Generally, the discussion is familiar and has been a part of the ICSID reform package since 2022; however, without significant changes.

Putting it in a nutshell, ‘appeal generally focuses on compliance with due process and the substantive correctness of the decision. By contrast, annulment more narrowly focuses on compliance with due process, regardless of errors in applying the law or the findings of fact. Grounds for appeal are normally broader than the usual grounds for annulment’. That is why ‘The role of an ad hoc committee is similar to that of a court of cassation. The ad hoc committee can annul the award (or part of the award) based on one of the grounds enumerated in Article 52(1), but it cannot ‘amend or replace such awards, nor […] re-view the merits of the dispute’.

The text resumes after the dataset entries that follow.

definition preordered_monoid :: "('g \<Rightarrow> 'g \<Rightarrow> bool) \<Rightarrow> 'g \<Rightarrow> ('g \<Rightarrow> 'g \<Rightarrow> 'g) \<Rightarrow> bool" where
  "preordered_monoid le one mult \<longleftrightarrow>
    (\<forall>a. le a a) \<and> (\<forall>a b c. le a b \<longrightarrow> le b c \<longrightarrow> le a c) \<and>
    (\<forall>a b c. mult (mult a b) c = mult a (mult b c)) \<and>
    (\<forall>a. mult one a = a \<and> mult a one = a) \<and>
    (\<forall>a a' b b'. le a a' \<longrightarrow> le b b' \<longrightarrow> le (mult a b) (mult a' b'))"

definition lifts :: "('eo,'em) mcat \<Rightarrow> ('em \<Rightarrow> 'bm) \<Rightarrow> 'eo \<Rightarrow> 'eo \<Rightarrow> 'bm \<Rightarrow> bool" where
  "lifts E pm X Y f \<longleftrightarrow> (\<exists>g\<in>Hom E X Y. pm g = f)"

definition ord_mem :: "('eo,'em) mcat \<Rightarrow> ('eo \<Rightarrow> 'bo) \<Rightarrow> 'a set \<Rightarrow> ('a \<Rightarrow> 'bo) \<Rightarrow> ('a \<Rightarrow> 'eo) \<Rightarrow> bool" where
  "ord_mem E po A F G \<longleftrightarrow> (\<forall>a\<in>A. G a \<in> Ob E \<and> po (G a) = F a)"

definition ord_le :: "('bo,'bm) mcat \<Rightarrow> ('eo,'em) mcat \<Rightarrow> ('em \<Rightarrow> 'bm) \<Rightarrow> 'a set \<Rightarrow>
    ('a \<Rightarrow> 'bo) \<Rightarrow> ('a \<Rightarrow> 'eo) \<Rightarrow> ('a \<Rightarrow> 'eo) \<Rightarrow> bool" where
  "ord_le B E pm A F G G' \<longleftrightarrow> (\<forall>a\<in>A. lifts E pm (G a) (G' a) (idt B (F a)))"

definition BLift ::
  "('bo,'bm) mcat \<Rightarrow> ('eo,'em) mcat \<Rightarrow> ('eo \<Rightarrow> 'bo) \<Rightarrow> ('em \<Rightarrow> 'bm) \<Rightarrow> ('bo \<Rightarrow> 'eo) \<Rightarrow>
   ('bo \<Rightarrow> 'bo) \<Rightarrow> ('bm \<Rightarrow> 'bm) \<Rightarrow> ('bo \<Rightarrow> 'bo \<Rightarrow> 'bm) \<Rightarrow>
   ('g \<Rightarrow> 'g \<Rightarrow> bool) \<Rightarrow> ('g \<Rightarrow> 'g \<Rightarrow> 'g) \<Rightarrow> ('g \<Rightarrow> 'eo \<Rightarrow> 'eo) set" where
  "BLift B E po pm Lo T kext sigma le mult = {Td.
     (\<forall>a. ord_mem E po (Ob E) (\<lambda>X. T (po X)) (Td a)) \<and>
     (\<forall>a b. le a b \<longrightarrow> ord_le B E pm (Ob E) (\<lambda>X. T (po X)) (Td a) (Td b)) \<and>
     (\<forall>a b X Y Z f. X \<in> Ob E \<longrightarrow> Y \<in> Ob E \<longrightarrow> Z \<in> Ob E \<longrightarrow>
        f \<in> Hom B (tens B (po Z) (po X)) (T (po Y)) \<longrightarrow>
        lifts E pm (tens E Z (Lo (po X))) (Td a Y) f \<longrightarrow>
        lifts E pm (tens E Z (Td b X)) (Td (mult b a) Y)
          (cmp B (kext f) (sigma (po Z) (po X))))}"

definition blift_le ::
  "('bo,'bm) mcat \<Rightarrow> ('eo,'em) mcat \<Rightarrow> ('eo \<Rightarrow> 'bo) \<Rightarrow> ('em \<Rightarrow> 'bm) \<Rightarrow> ('bo \<Rightarrow> 'bo) \<Rightarrow>
   ('g \<Rightarrow> 'eo \<Rightarrow> 'eo) \<Rightarrow> ('g \<Rightarrow> 'eo \<Rightarrow> 'eo) \<Rightarrow> bool" where
  "blift_le B E po pm T Td Td' \<longleftrightarrow>
     (\<forall>a. ord_le B E pm (Ob E) (\<lambda>X. T (po X)) (Td a) (Td' a))"
(* Let $d\ge 1$, $0<\alpha\le\beta<\infty$, $R>0$ and $\mathbb{A}\in L^\infty(\mathbb{R}^d,\mathcal{M}_{\alpha,\beta})$. Then the function $\mathcal{M}_{\alpha,\beta}\ni A\mapsto \mathrm{Tr}\left(G^{R,\mathbb{A}}(A)\right)$ is concave.
   Context: $\mathcal{M}_{\alpha,\beta}:=\{A\in\mathbb{R}^{d\times d}:\ A^T=A,\ \alpha|\xi|^2\le \xi^TA\xi\le\beta|\xi|^2 \text{ for all }\xi\in\mathbb{R}^d\}$ (a convex set). $B_R$ is the open ball of radius $R$ centered at $0$, $B:=B_1$, $\Gamma_R=\partial B_R$, and $n_R$ is the outward unit normal on $\Gamma_R$. Let $V:=\{v\in L^2_{\rm loc}(\mathbb{R}^d):\ \nabla v\in (L^2(\mathbb{R}^d))^d\}$ and $V_0:=\{v\in V:\ \int_B v=0\}$, a Hilbert space with scalar product $\int_{\mathbb{R}^d}\nabla v\cdot\nabla w$. For $A\in\mathcal{M}_{\alpha,\beta}$ define $\mathbb{A}_{R,A}(x)=\mathbb{A}(x)$ for $x\in B_R$ and $\mathbb{A}_{R,A}(x)=A$ for $x\in\mathbb{R}^d\setminus B_R$. For $p\in\mathbb{R}^d$, let $w_p^{R,\mathbb{A},A}$ be the unique solution in $V_0$ of $-\mathrm{div}\big(\mathbb{A}_{R,A}(p+\nabla w_p^{R,\mathbb{A},A})\big)=0$ in $\mathcal{D}'(\mathbb{R}^d)$; equivalently it is the unique minimizer over $V_0$ of $$J_p^{R,\mathbb{A},A}(v):=\frac{1}{2|B_R|}\int_{B_R}(p+\nabla v)^T\mathbb{A}(p+\nabla v)+\frac{1}{2|B_R|}\int_{\mathbb{R}^d\setminus B_R}(\nabla v)^TA\nabla v-\frac{1}{|B_R|}\int_{\Gamma_R}(Ap\cdot n_R)\,v .$$ Set $\mathcal{J}_p^{R,\mathbb{A}}(A):=\min_{v\in V_0}J_p^{R,\mathbb{A},A}(v)$. Then $G^{R,\mathbb{A}}(A)$ denotes the unique symmetric matrix in $\mathbb{R}^{d\times d}$ such that $\frac12 p^TG^{R,\mathbb{A}}(A)p=\mathcal{J}_p^{R,\mathbb{A}}(A)$ for all $p\in\mathbb{R}^d$. *)

theory Defs
  imports "HOL-Analysis.Analysis"
begin

definition partial_deriv :: "(real^'d \<Rightarrow> real) \<Rightarrow> 'd \<Rightarrow> real^'d \<Rightarrow> real" where
  "partial_deriv f i x = frechet_derivative f (at x) (axis i 1)"

fun Ck :: "nat \<Rightarrow> (real^'d \<Rightarrow> real) \<Rightarrow> bool" where
  "Ck 0 f = continuous_on UNIV f"
| "Ck (Suc k) f = ((\<forall>x. f differentiable (at x)) \<and> (\<forall>i. Ck k (partial_deriv f i)))"

definition smooth_fun :: "(real^'d \<Rightarrow> real) \<Rightarrow> bool" where
  "smooth_fun f \<longleftrightarrow> (\<forall>k. Ck k f)"

definition test_function :: "(real^'d \<Rightarrow> real) \<Rightarrow> bool" where
  "test_function \<phi> \<longleftrightarrow> smooth_fun \<phi> \<and> compact (closure {x. \<phi> x \<noteq> 0})"

definition has_weak_gradient :: "(real^'d \<Rightarrow> real) \<Rightarrow> (real^'d \<Rightarrow> real^'d) \<Rightarrow> bool" where
  "has_weak_gradient v g \<longleftrightarrow>
     v \<in> borel_measurable lebesgue \<and>
     (\<forall>r>0. set_integrable lebesgue (ball 0 r) (\<lambda>x. (v x)\<^sup>2)) \<and>
     g \<in> borel_measurable lebesgue \<and>
     integrable lebesgue (\<lambda>x. (norm (g x))\<^sup>2) \<and>
     (\<forall>\<phi> i. test_function \<phi> \<longrightarrow>
        (LINT x|lebesgue. v x * partial_deriv \<phi> i x) = - (LINT x|lebesgue. (g x $ i) * \<phi> x))"

definition in_V0 :: "(real^'d \<Rightarrow> real) \<Rightarrow> (real^'d \<Rightarrow> real^'d) \<Rightarrow> bool" where
  "in_V0 v g \<longleftrightarrow> has_weak_gradient v g \<and> (LINT x:ball 0 1|lebesgue. v x) = 0"

definition Mab :: "real \<Rightarrow> real \<Rightarrow> (real^'d^'d) set" where
  "Mab \<alpha> \<beta> = {A. transpose A = A \<and>
     (\<forall>\<xi>. \<alpha> * (norm \<xi>)\<^sup>2 \<le> \<xi> \<bullet> (A *v \<xi>) \<and> \<xi> \<bullet> (A *v \<xi>) \<le> \<beta> * (norm \<xi>)\<^sup>2)}"
(* Let $N\ge 1$, $\lambda>0$, and let $(X_t^{\lambda,\mathbf{x},\mathbf{v}},V_t^{\lambda,\mathbf{v}})$ and $\bar X_t^{\mathbf{x},\mathbf{v}}$ be as described in the context. For every $t>0$ there exist constants $K>0$ (possibly depending on $t$, but independent of $\lambda$) and $c_1>0$ such that $$\left|\mathbb{E}\big[f(X_t^{\lambda,\mathbf{x},\mathbf{v}})\big]-\mathbb{E}\big[f(\bar X_t^{\mathbf{x},\mathbf{v}})\big]\right|\le K\|f\|\left(\frac{1}{\sqrt{\lambda}}+e^{-c_1\sqrt{\lambda}}\right)$$ for all $\lambda>0$, all $\mathbf{x}\in\mathbb{R}^N$, all $\mathbf{v}\in\{-1,+1\}^N$ and all $f\in C^1_b(\mathbb{R}^N)$, where $\|f\|:=\|f\|_\infty+\sum_{i=1}^N\|\partial_{x_i}f\|_\infty$.
   Context: State space $\chi=\{-1,1\}^N$; $\mathbf{e}:=(1,\dots,1)\in\chi$. For $\mathbf{v}=(v_1,\dots,v_N)\in\chi$ let $\mathbf{v}_{(i)}:=(v_1,\dots,-v_i,\dots,v_N)$. Let $\mathcal{P}$ be a transition matrix on $\chi$ such that $\mathcal{P}(\mathbf{e},\mathbf{e})=\mathcal{P}(-\mathbf{e},-\mathbf{e})=1$ and, for every $\mathbf{v}\neq\pm\mathbf{e}$, $\mathcal{P}(\mathbf{v},\mathbf{v}')>0$ if $\mathbf{v}'=\mathbf{v}_{(i)}$ for some $1\le i\le N$ and $\mathcal{P}(\mathbf{v},\mathbf{v}')=0$ otherwise. The fast process $V_t^{\lambda,\mathbf{v}}$ is the càdlàg continuous-time Markov chain on $\chi$ with $V_0^{\lambda,\mathbf{v}}=\mathbf{v}$ which, each time a homogeneous Poisson clock of rate $N\lambda$ rings, jumps according to $\mathcal{P}$. The slow process solves $\frac{d}{dt}X_t^{\lambda,\mathbf{x},\mathbf{v}}=V_t^{\lambda,\mathbf{v}}$, $X_0^{\lambda,\mathbf{x},\mathbf{v}}=\mathbf{x}\in\mathbb{R}^N$. Let $q(\mathbf{v})\in[0,1]$ be the probability that $V^{\lambda,\mathbf{v}}$ is eventually absorbed in $-\mathbf{e}$ (this does not depend on $\lambda$; with probability one the chain is absorbed in $\mathbf{e}$ or $-\mathbf{e}$). The averaged process is $\bar X_t^{\mathbf{x},\mathbf{v}}=\mathbf{x}+t\zeta^{\mathbf{v}}$, where $\zeta^{\mathbf{v}}$ is a random variable equal to $-\mathbf{e}$ with probability $q(\mathbf{v})$ and to $\mathbf{e}$ with probability $1-q(\mathbf{v})$; thus $\mathbb{E}[f(\bar X_t^{\mathbf{x},\mathbf{v}})]=q(\mathbf{v})f(\mathbf{x}-t\mathbf{e})+(1-q(\mathbf{v}))f(\mathbf{x}+t\mathbf{e})$. $C^1_b(\mathbb{R}^N)$ denotes the bounded continuous real functions with bounded continuous first derivatives. *)

theory Defs
  imports "HOL-Probability.Probability"
begin
lemma energy_decrease:
  assumes k: "k \<ge> 1" and finite: "\<Psi> (x k) \<noteq> \<infinity>"
  shows "energy (k + 1) + 2 * s * (\<alpha> - 3) / (\<alpha> - 1) * (real k * gap k) \<le> energy k"
proof -
  define c where "c = (real k + \<alpha> - 1) / (\<alpha> - 1)"
  have c_minus_1: "c - 1 = real k / (\<alpha> - 1)"
    using \<alpha>_gt by (simp add: c_def field_simps)
  have lyapunov: "2 * s * c\<^sup>2 * gap (k + 1) + (norm (z (k + 1) - xstar))\<^sup>2
      \<le> 2 * s * c * (c - 1) * gap k + (norm (z k - xstar))\<^sup>2"
    unfolding c_def by (rule iterate_lyapunov_step[OF k finite])
  define A where "A = 2 * s / (\<alpha> - 1)"
  have coeff_next: "(\<alpha> - 1) * (2 * s * c\<^sup>2) = A * (real (k + 1) + \<alpha> - 2)\<^sup>2"
  proof -
    have "r * (2 * s * (q / r)\<^sup>2) = 2 * s / r * q\<^sup>2" if "0 < r" for r q :: real
      using that by (simp add: power_divide power2_eq_square)
    then show ?thesis using \<alpha>_gt by (simp add: A_def c_def add.commute)
  qed
  have coeff: "(\<alpha> - 1) * (2 * s * c * (c - 1)) = A * ((real k + \<alpha> - 1) * real k)"
  proof -
    have "r * (2 * s * (q / r) * (k / r)) = 2 * s / r * (q * k)" if "0 < r" for r q k :: real
      using that by (simp add: power2_eq_square)
    then show ?thesis using \<alpha>_gt unfolding c_minus_1 by (simp add: A_def c_def)
  qed
  have "(\<alpha> - 1) * (2 * s * c\<^sup>2 * gap (k + 1) + (norm (z (k + 1) - xstar))\<^sup>2)
      \<le> (\<alpha> - 1) * (2 * s * c * (c - 1) * gap k + (norm (z k - xstar))\<^sup>2)"
    using lyapunov \<alpha>_gt by (intro mult_left_mono) auto
  then have "(\<alpha> - 1) * (2 * s * c\<^sup>2) * gap (k + 1) + (\<alpha> - 1) * (norm (z (k + 1) - xstar))\<^sup>2
      \<le> (\<alpha> - 1) * (2 * s * c * (c - 1)) * gap k + (\<alpha> - 1) * (norm (z k - xstar))\<^sup>2"
    by (simp only: distrib_left mult.assoc)
  then have "A * (real (k + 1) + \<alpha> - 2)\<^sup>2 * gap (k + 1) + (\<alpha> - 1) * (norm (z (k + 1) - xstar))\<^sup>2
      \<le> A * ((real k + \<alpha> - 1) * real k) * gap k + (\<alpha> - 1) * (norm (z k - xstar))\<^sup>2"
    unfolding coeff_next coeff .
  moreover have "A * ((real k + \<alpha> - 1) * real k) * gap k
      = A * (real k + \<alpha> - 2)\<^sup>2 * gap k - A * ((\<alpha> - 3) * real k) * gap k - A * (\<alpha> - 2)\<^sup>2 * gap k"
    by (simp add: power2_eq_square algebra_simps)
  moreover have "2 * s * (\<alpha> - 3) / (\<alpha> - 1) * (real k * gap k) = A * ((\<alpha> - 3) * real k) * gap k"
    by (simp add: A_def)
  moreover have "0 \<le> A * (\<alpha> - 2)\<^sup>2 * gap k"
    using \<alpha>_gt s_pos gap_nonneg[OF finite] by (simp add: A_def)
  ultimately show ?thesis
    unfolding energy_def A_def[symmetric] by linarith
qed

theorem weighted_gap_sum_le:
  assumes "\<Psi> (x 1) \<noteq> \<infinity>"
  shows "(\<Sum>k. ereal (real (k + 1) * gap (k + 1))) \<le> ereal ((\<alpha> - 1) / (2 * s * (\<alpha> - 3)) * energy 1)"
proof -
  define C where "C = 2 * s * (\<alpha> - 3) / (\<alpha> - 1)"
  have "(\<Sum>k. ereal (real (k + 1) * gap (k + 1))) \<le> ereal (energy (0 + 1) / C)"
  proof (rule suminf_ereal_le_of_energy_decrease)
    show "0 < C" using \<alpha>_gt s_pos by (simp add: C_def)
    fix k
    have finite: "\<Psi> (x (k + 1)) \<noteq> \<infinity>" by (rule iterate_finite[OF assms]) simp
    show "0 \<le> real (k + 1) * gap (k + 1)" "0 \<le> energy (k + 1)"
      using gap_nonneg[OF finite] energy_nonneg[OF finite] by simp_all
    show "energy (Suc k + 1) + C * (real (k + 1) * gap (k + 1)) \<le> energy (k + 1)"
      using energy_decrease[OF _ finite] by (simp add: C_def)
  qed
  then show ?thesis by (simp add: C_def mult.commute)
qed

end

theorem fact3:
  fixes \<Psi> :: "'a::{real_inner, complete_space} \<Rightarrow> ereal"
    and \<Phi> :: "'a \<Rightarrow> real"
    and g\<Phi> :: "'a \<Rightarrow> 'a"
    and L s \<alpha> :: real
    and x y :: "nat \<Rightarrow> 'a"
    and xstar :: 'a
  assumes \<Psi>_proper: "proper_fun \<Psi>"
    and \<Psi>_lsc: "lsc_fun \<Psi>"
    and \<Psi>_convex: "convex_ereal_fun \<Psi>"
    and \<Phi>_convex: "convex_on UNIV \<Phi>"
    and \<Phi>_grad: "\<And>u. (\<Phi> has_derivative (\<lambda>h. g\<Phi> u \<bullet> h)) (at u)"
    and grad_cont: "continuous_on UNIV g\<Phi>"
    and L_pos: "L > 0"
    and grad_lip: "\<And>u v. norm (g\<Phi> u - g\<Phi> v) \<le> L * norm (u - v)"
    and argmin_ne: "argmin_set (\<lambda>u. \<Psi> u + ereal (\<Phi> u)) \<noteq> {}"
    and \<alpha>_gt: "\<alpha> > 3"
    and s_pos: "0 < s" and s_lt: "s < 1 / L"
    and y_def: "\<And>k. k \<ge> 1 \<Longrightarrow>
       y k = x k + ((real k - 1) / (real k + \<alpha> - 1)) *\<^sub>R (x k - x (k - 1))"
    and x_step: "\<And>k. k \<ge> 1 \<Longrightarrow>
       x (k + 1) \<in> prox_set s \<Psi> (y k - s *\<^sub>R g\<Phi> (y k))"
    and xstar_min: "xstar \<in> argmin_set (\<lambda>u. \<Psi> u + ereal (\<Phi> u))"
  shows
    "let \<Theta> = (\<lambda>u. \<Psi> u + ereal (\<Phi> u));
         z = (\<lambda>k. x k + ((real k - 1) / (\<alpha> - 1)) *\<^sub>R (x k - x (k - 1)));
         \<E> = (\<lambda>k. ereal (2 * s / (\<alpha> - 1) * (real k + \<alpha> - 2)\<^sup>2) * (\<Theta> (x k) - \<Theta> xstar)
                  + ereal ((\<alpha> - 1) * (norm (z k - xstar))\<^sup>2))
     in (\<Sum>k. ereal (real (k + 1)) * (\<Theta> (x (k + 1)) - \<Theta> xstar))
          \<le> ereal ((\<alpha> - 1) / (2 * s * (\<alpha> - 3))) * \<E> 1"
proof -
  txt \<open>Lower semicontinuity, continuity of the gradient, completeness and \<open>argmin \<Theta> \<noteq> {}\<close>
    only guarantee that the iteration is well defined, which \<open>x_step\<close> already asserts.\<close>
  have "s * L \<le> 1" using s_lt L_pos by (simp add: field_simps)
  then interpret inertial_forward_backward \<Psi> \<Phi> g\<Phi> L s \<alpha> x y xstar
    using assms by unfold_locales auto
  show ?thesis
  proof (cases "\<Psi> (x 1) = \<infinity>")
    case True
    txt \<open>Then \<open>\<E> 1 = \<infinity>\<close>.\<close>
    then have "(\<Psi> (x 1) + ereal (\<Phi> (x 1))) - (\<Psi> xstar + ereal (\<Phi> xstar)) = \<infinity>"
      using xstar_finite not_minus_infinity[of xstar] by (cases "\<Psi> xstar") auto
    then show ?thesis using \<alpha>_gt s_pos by (simp add: Let_def)
  next
    case False
    have "ereal (real (k + 1)) * ((\<Psi> (x (k + 1)) + ereal (\<Phi> (x (k + 1)))) - (\<Psi> xstar + ereal (\<Phi> xstar)))
        = ereal (real (k + 1) * gap (k + 1))" for k
      using objective_gap_eq[OF iterate_finite[OF False]] by simp
    then show ?thesis
      using weighted_gap_sum_le[OF False] energy_ereal_eq[OF False] by (simp add: Let_def z_def)
  qed
qed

It’s worth adding that in the 2015 and 2018 editions of the QMUL survey, the lack of an appeal mechanism was ranked as the fourth and eighth worst characteristics of international arbitration, respectively. It is especially interesting in the context of the 2020 QMUL-CCIAG Survey Investors’ Perceptions of ISDS, where equal proportions of respondents favoured (35%) and opposed (35%) the inclusion of such a mechanism. At the same time, respondents, as you might expect, those in favour of or not strongly against the appeal, declared:

  1. 77% for the inclusion of a mechanism for the review of serious procedural irregularity
  2. 66% for the inclusion manifest errors of law
  3. 48% for the inclusion manifest errors of merits
  4. 42% for the inclusion manifest errors of fact
  5. 89% of respondents reject the idea of a re-hearing of the tribunal’s factual and legal findings

One more stat needs to be mentioned – there was overall a consensus amongst interviewees that the scope of review on appeal, if introduced, should be strictly defined and limited.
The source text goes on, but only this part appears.